Prove or disprove : There exists a continuous surjection from $\mathbb{R}^3- S^2$ to $\mathbb{R}^2-\{(0,0)\}$ (here $S^2\subset \mathbb{R}^3$ denotes the unit sphere defined by the equation $x^2+y^2+z^2=1$),.
This question had appeared in TIFR GS-2018 exam for PhD admissions. How should I think about such a map?
There is such a map :
project $\mathbb{R}^3 \setminus \mathbb{S}_2$ onto $\mathbb{R}^2$ (projection on the first two coordinates, for instance);
apply the exponential map from $\mathbb{R}^2 \simeq \mathbb{C}$ onto $\mathbb{R}^2 \setminus \{(0,0)\} \simeq \mathbb{C}^*$.
Both are continuous surjections, so their composition still is.
Given the bounty, I think this deserves at least some additional material (or: how may someone find this answer). Let $X$ and $Y$ be two topological spaces. If there is no continuous surjective map $f$ from $X$ to $Y$, then $X$ must have some property which is preserved by continuous maps, and which $Y$ doesn't have. It turns out that there are not many such properties. On top of my head, the only general ones I can see are :
Cardinality : If Card(X) < Card(Y), then there is no such $f$. Example : $X = \{0\}$, $Y = \{0,1\}$.
Compactness : If $X$ is compact and $Y$ is separable but not compact, then there is no such $f$. Example : $X = [0,1]$, $Y = \mathbb{R}$.
Connectedness : If $X$ is connected and $Y$ isn't, then there is no such $f$. More generally, if $X$ has less (in the sense of cardinality) connected components than $Y$, then there is no such $f$. Example : $X = (0,1)$ and $Y = \mathbb{Z}$.
Although, I am sure, one may find examples with other, less obvious, obstructions. Outside of these, things may get wild. For instance, in all the following cases, there exists a continuous surjective map from $X$ to $Y$:
$X = C$, any Cantor set, and $Y$ is any compact metric space.
$X=[0,1]$ and $Y = [0,1]^2$ : Peano curve.
More generally, $X = \mathbb{R}$ and $Y = \mathbb{R}^n$, with $n \geq 1$, using variants of the Peano curve.
$X = \mathbb{R}^k$ and $Y = \mathbb{R}^n$, with $k \geq n$, using projections. Combining with he previous example, we get all $k \geq 1$ and $n \geq 0$.
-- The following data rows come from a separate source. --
text \<open>The complete quotients satisfy \<open>c\<^sub>i\<^sub>+\<^sub>1 > 1\<close> because \<open>\<omega>\<^sub>D\<close> is irrational, and the
  conjugates \<open>\<alpha>\<^sub>i' = p\<^sub>i - q\<^sub>i \<omega>\<^sub>D\<close> obey \<open>\<alpha>'\<^sub>i\<^sub>-\<^sub>1 = -c\<^sub>i\<^sub>+\<^sub>1 \<alpha>'\<^sub>i\<close>, so they alternate in sign,
  while \<open>\<alpha>\<^sub>i > 0\<close>; this fixes the sign of \<open>N(\<alpha>\<^sub>i)\<close>. The determinant identity
  \<open>p\<^sub>i q\<^sub>i\<^sub>-\<^sub>1 - p\<^sub>i\<^sub>-\<^sub>1 q\<^sub>i = (-1)\<^sup>i\<^sup>+\<^sup>1\<close> gives both \<open>\<alpha>\<^sub>i\<^sub>-\<^sub>1 \<alpha>'\<^sub>i = T\<^sub>i - (-1)\<^sup>i \<omega>\<^sub>D\<close> and
  \<open>\<alpha>'\<^sub>i\<^sub>-\<^sub>1 \<alpha>\<^sub>i = T\<^sub>i - (-1)\<^sup>i \<omega>\<^sub>D'\<close>. Dividing \<open>N\<^sub>i\<^sub>-\<^sub>1 = \<plusminus>\<alpha>\<^sub>i\<^sub>-\<^sub>1 \<alpha>'\<^sub>i\<^sub>-\<^sub>1\<close> by \<open>c\<^sub>i\<^sub>+\<^sub>1\<close> and using the
  recurrence turns these two identities into the two claimed formulas.\<close>

lemma sqrt_of_int_irrational:
  fixes D :: int
  assumes "D > 1" "squarefree D"
  shows "sqrt (real_of_int D) \<notin> \<rat>"
proof
  assume "sqrt (real_of_int D) \<in> \<rat>"
  then obtain a b :: int where b: "b > 0" "coprime a b" "sqrt (real_of_int D) = of_int a / of_int b"
    by (rule Rats_cases')
  have "real_of_int D = (sqrt (real_of_int D))^2" using assms(1) by simp
  then have "real_of_int D = (of_int a / of_int b)^2" using b(3) by simp
  then have "real_of_int D * (of_int b)^2 = (of_int a)^2" using b(1)
    by (simp add: field_simps power2_eq_square)
  then have eq: "D * b^2 = a^2" by (metis of_int_eq_iff of_int_mult of_int_power)
  have "coprime (b^2) (a^2)" using b(2) by (simp add: coprime_commute)
  then have "b^2 dvd 1"
    using eq by (metis coprime_common_divisor dvd_refl dvd_triv_right)
  then have "b = 1" using b(1) by (simp add: power2_eq_1_iff)
  then have "a^2 dvd D" using eq by simp
  then have "is_unit a" by (rule squarefreeD[OF assms(2)])
  then have "\<bar>a\<bar> = 1" by simp
  then have "a^2 = 1" by (metis power2_abs power_one)
  then show False using eq \<open>b = 1\<close> assms(1) by simp
qed

lemma omega_irrational:
  assumes "D > 1" "squarefree D"
  shows "omega D \<notin> \<rat>"
proof
  assume "omega D \<in> \<rat>"
  moreover have "sqrt (real_of_int D) = (if D mod 4 = 1 then 2 * omega D - 1 else omega D)"
    by (simp add: omega_def field_simps)
  ultimately have "sqrt (real_of_int D) \<in> \<rat>" by simp
  then show False using sqrt_of_int_irrational assms by blast
qed

lemma cq_irrational:
  assumes "D > 1" "squarefree D"
  shows "cq D n \<notin> \<rat>"
proof (induction n)
  case 0
  then show ?case using omega_irrational assms by simp
next
  case (Suc n)
  show ?case
  proof
    assume "cq D (Suc n) \<in> \<rat>"
    moreover have "cq D n = inverse (cq D (Suc n)) + of_int \<lfloor>cq D n\<rfloor>" by simp
    ultimately have "cq D n \<in> \<rat>" by (metis Rats_add Rats_inverse Rats_of_int)
    with Suc show False by blast
  qed
qed

declare cq.simps(2) [simp del]

lemma cq_frac_bounds:
  assumes "D > 1" "squarefree D"
  shows "0 < cq D n - of_int \<lfloor>cq D n\<rfloor>" "cq D n - of_int \<lfloor>cq D n\<rfloor> < 1"
proof -
  have "cq D n \<noteq> of_int \<lfloor>cq D n\<rfloor>" by (metis Rats_of_int cq_irrational[OF assms])
  with of_int_floor_le[of "cq D n"] real_of_int_floor_add_one_gt[of "cq D n"]
  show "0 < cq D n - of_int \<lfloor>cq D n\<rfloor>" "cq D n - of_int \<lfloor>cq D n\<rfloor> < 1" by linarith+
qed

lemma cq_Suc_gt_1:
  assumes "D > 1" "squarefree D"
  shows "cq D (Suc n) > 1"
  using cq_frac_bounds[OF assms, of n] by (simp add: cq.simps(2) less_divide_eq_1)

lemma u_Suc_ge_1:
  assumes "D > 1" "squarefree D"
  shows "u D (Suc n) \<ge> 1"
  using cq_Suc_gt_1[OF assms, of n] unfolding u_def by linarith

lemma qq_Suc_ge_1:
  assumes "D > 1" "squarefree D"
  shows "qq D (Suc n) \<ge> 1"
proof -
  have "qq D n \<ge> 0 \<and> qq D (Suc n) \<ge> 1"
  proof (induction n)
    case (Suc n)
    then have "1 * 1 \<le> u D (Suc n) * qq D (Suc n)"
      using u_Suc_ge_1[OF assms, of n] by (intro mult_mono) auto
    with Suc show ?case by simp
  qed simp
  then show ?thesis by blast
qed

lemma pp_qq_det: "pp D (Suc n) * qq D n - pp D n * qq D (Suc n) = - ((-1) ^ n)"
  by (induction n) (simp_all add: algebra_simps)

lemma cf_p_shift [simp]: "cf_p D (int n - 1) = pp D n" "cf_p D (int n) = pp D (Suc n)"
  by (simp_all add: cf_p_def nat_add_distrib)

lemma cf_q_shift [simp]: "cf_q D (int n - 1) = qq D n" "cf_q D (int n) = qq D (Suc n)"
  by (simp_all add: cf_q_def nat_add_distrib)

lemma omega_minus_omega_conj: "D > 1 \<Longrightarrow> omega D - omega_conj D = sqrt (real_of_int (disc D))"
  by (simp add: omega_def omega_conj_def disc_def real_sqrt_mult field_simps)

lemma sqrt_disc_gt_1: "D > 1 \<Longrightarrow> sqrt (real_of_int (disc D)) > 1"
  by (simp add: disc_def)

lemma omega_plus_omega_conj: "omega D + omega_conj D = (if D mod 4 = 1 then 1 else 0)"
  by (simp add: omega_def omega_conj_def add_divide_distrib[symmetric])

lemma omega_times_omega_conj:
  "D \<ge> 0 \<Longrightarrow> omega D * omega_conj D
    = (if D mod 4 = 1 then - ((real_of_int D - 1) / 4) else - real_of_int D)"
  by (simp add: omega_def omega_conj_def field_simps power2_eq_square[symmetric])

definition alpha_prev :: "int \<Rightarrow> nat \<Rightarrow> real" where
  "alpha_prev D n = of_int (pp D n) - of_int (qq D n) * omega_conj D"

definition alpha_conj_prev :: "int \<Rightarrow> nat \<Rightarrow> real" where
  "alpha_conj_prev D n = of_int (pp D n) - of_int (qq D n) * omega D"

lemma alpha_eq_alpha_prev: "alpha D (int n - 1) = alpha_prev D n"
  by (simp add: alpha_def alpha_prev_def)

lemma alpha_conj_eq_alpha_conj_prev: "alpha_conj D (int n - 1) = alpha_conj_prev D n"
  by (simp add: alpha_conj_def alpha_conj_prev_def)

lemma alpha_conj_prev_rec:
  assumes "D > 1" "squarefree D"
  shows "alpha_conj_prev D (Suc n) * cq D (Suc n) + alpha_conj_prev D n = 0"
proof (induction n)
  case 0
  have "cq D 0 - of_int \<lfloor>cq D 0\<rfloor> > 0" by (rule cq_frac_bounds[OF assms])
  then show ?case by (simp add: alpha_conj_prev_def u_def cq.simps(2) field_simps)
next
  case (Suc n)
  define x where "x = cq D (Suc n) - of_int (u D (Suc n))"
  have "x > 0" using cq_frac_bounds[OF assms, of "Suc n"] by (simp add: x_def u_def)
  have "alpha_conj_prev D (Suc (Suc n))
      = of_int (u D (Suc n)) * alpha_conj_prev D (Suc n) + alpha_conj_prev D n"
    by (simp add: alpha_conj_prev_def algebra_simps)
  also have "\<dots> = - alpha_conj_prev D (Suc n) * x"
    using Suc.IH by (simp add: x_def algebra_simps eq_neg_iff_add_eq_0)
  finally show ?case using \<open>x > 0\<close> by (simp add: x_def u_def cq.simps(2))
qed

lemma alpha_conj_prev_sign:
  assumes "D > 1" "squarefree D"
  shows "0 < (-1) ^ n * alpha_conj_prev D n \<and> \<bar>alpha_conj_prev D n\<bar> \<le> 1"
proof (induction n)
  case 0
  then show ?case by (simp add: alpha_conj_prev_def)
next
  case (Suc n)
  have c: "cq D (Suc n) > 1" by (rule cq_Suc_gt_1[OF assms])
  then have e: "alpha_conj_prev D (Suc n) = - alpha_conj_prev D n / cq D (Suc n)"
    using alpha_conj_prev_rec[OF assms, of n] by (simp add: field_simps)
  have "\<bar>alpha_conj_prev D n\<bar> / cq D (Suc n) \<le> 1"
    using Suc c by (simp add: divide_le_eq)
  with Suc c show ?case unfolding e by (simp add: abs_minus_commute)
qed

lemma alpha_prev_pos:
  assumes "D > 1" "squarefree D"
  shows "alpha_prev D n > 0"
proof (cases n)
  case 0
  then show ?thesis by (simp add: alpha_prev_def)
next
  case (Suc m)
  have "alpha_prev D n = alpha_conj_prev D n + of_int (qq D n) * sqrt (real_of_int (disc D))"
    using omega_minus_omega_conj[OF assms(1)]
    by (simp add: alpha_prev_def alpha_conj_prev_def algebra_simps flip: right_diff_distrib)
  moreover have "1 * 1 < of_int (qq D n) * sqrt (real_of_int (disc D))"
    using qq_Suc_ge_1[OF assms, of m] sqrt_disc_gt_1[OF assms(1)] Suc
    by (intro mult_le_less_imp_less) auto
  moreover have "\<bar>alpha_conj_prev D n\<bar> \<le> 1" using alpha_conj_prev_sign[OF assms] by blast
  ultimately show ?thesis by linarith
qed

lemma Nabs_eq:
  assumes "D > 1" "squarefree D"
  shows "Nabs D (int n - 1) = (-1) ^ n * alpha_prev D n * alpha_conj_prev D n"
proof -
  have "\<bar>alpha_conj_prev D n\<bar> = (-1) ^ n * alpha_conj_prev D n"
    using alpha_conj_prev_sign[OF assms, of n] by (cases "even n") auto
  then show ?thesis using alpha_prev_pos[OF assms, of n]
    by (simp add: Nabs_def alpha_eq_alpha_prev alpha_conj_eq_alpha_conj_prev abs_mult)
qed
$X = \mathbb{R}^k$ and $Y$ is a (separable) connected, $n$-dimensional topological manifold, with $k \geq 1$. This is not easy to formalize and I have no reference at hand, but the basic idea is to take $k=n$, and make $\mathbb{R}^n$ a thin tape and wrap it around the manifold (see e.g. this related discussion). I also think that one may replace $X$ by any non-compact $k$-dimensional manifold.
With that, we have the tools to answer the question. First, since $X$ ha dimension $3$ and $Y$ has dimension $2$, we reduce the dimension by projecting. We get the plane $\mathbb{R}^2$. Then we wrap the plane around the origin in $\mathbb{R}^2$ ; and we are lucky, since this can be done very explicitly (thanks to the exponential map).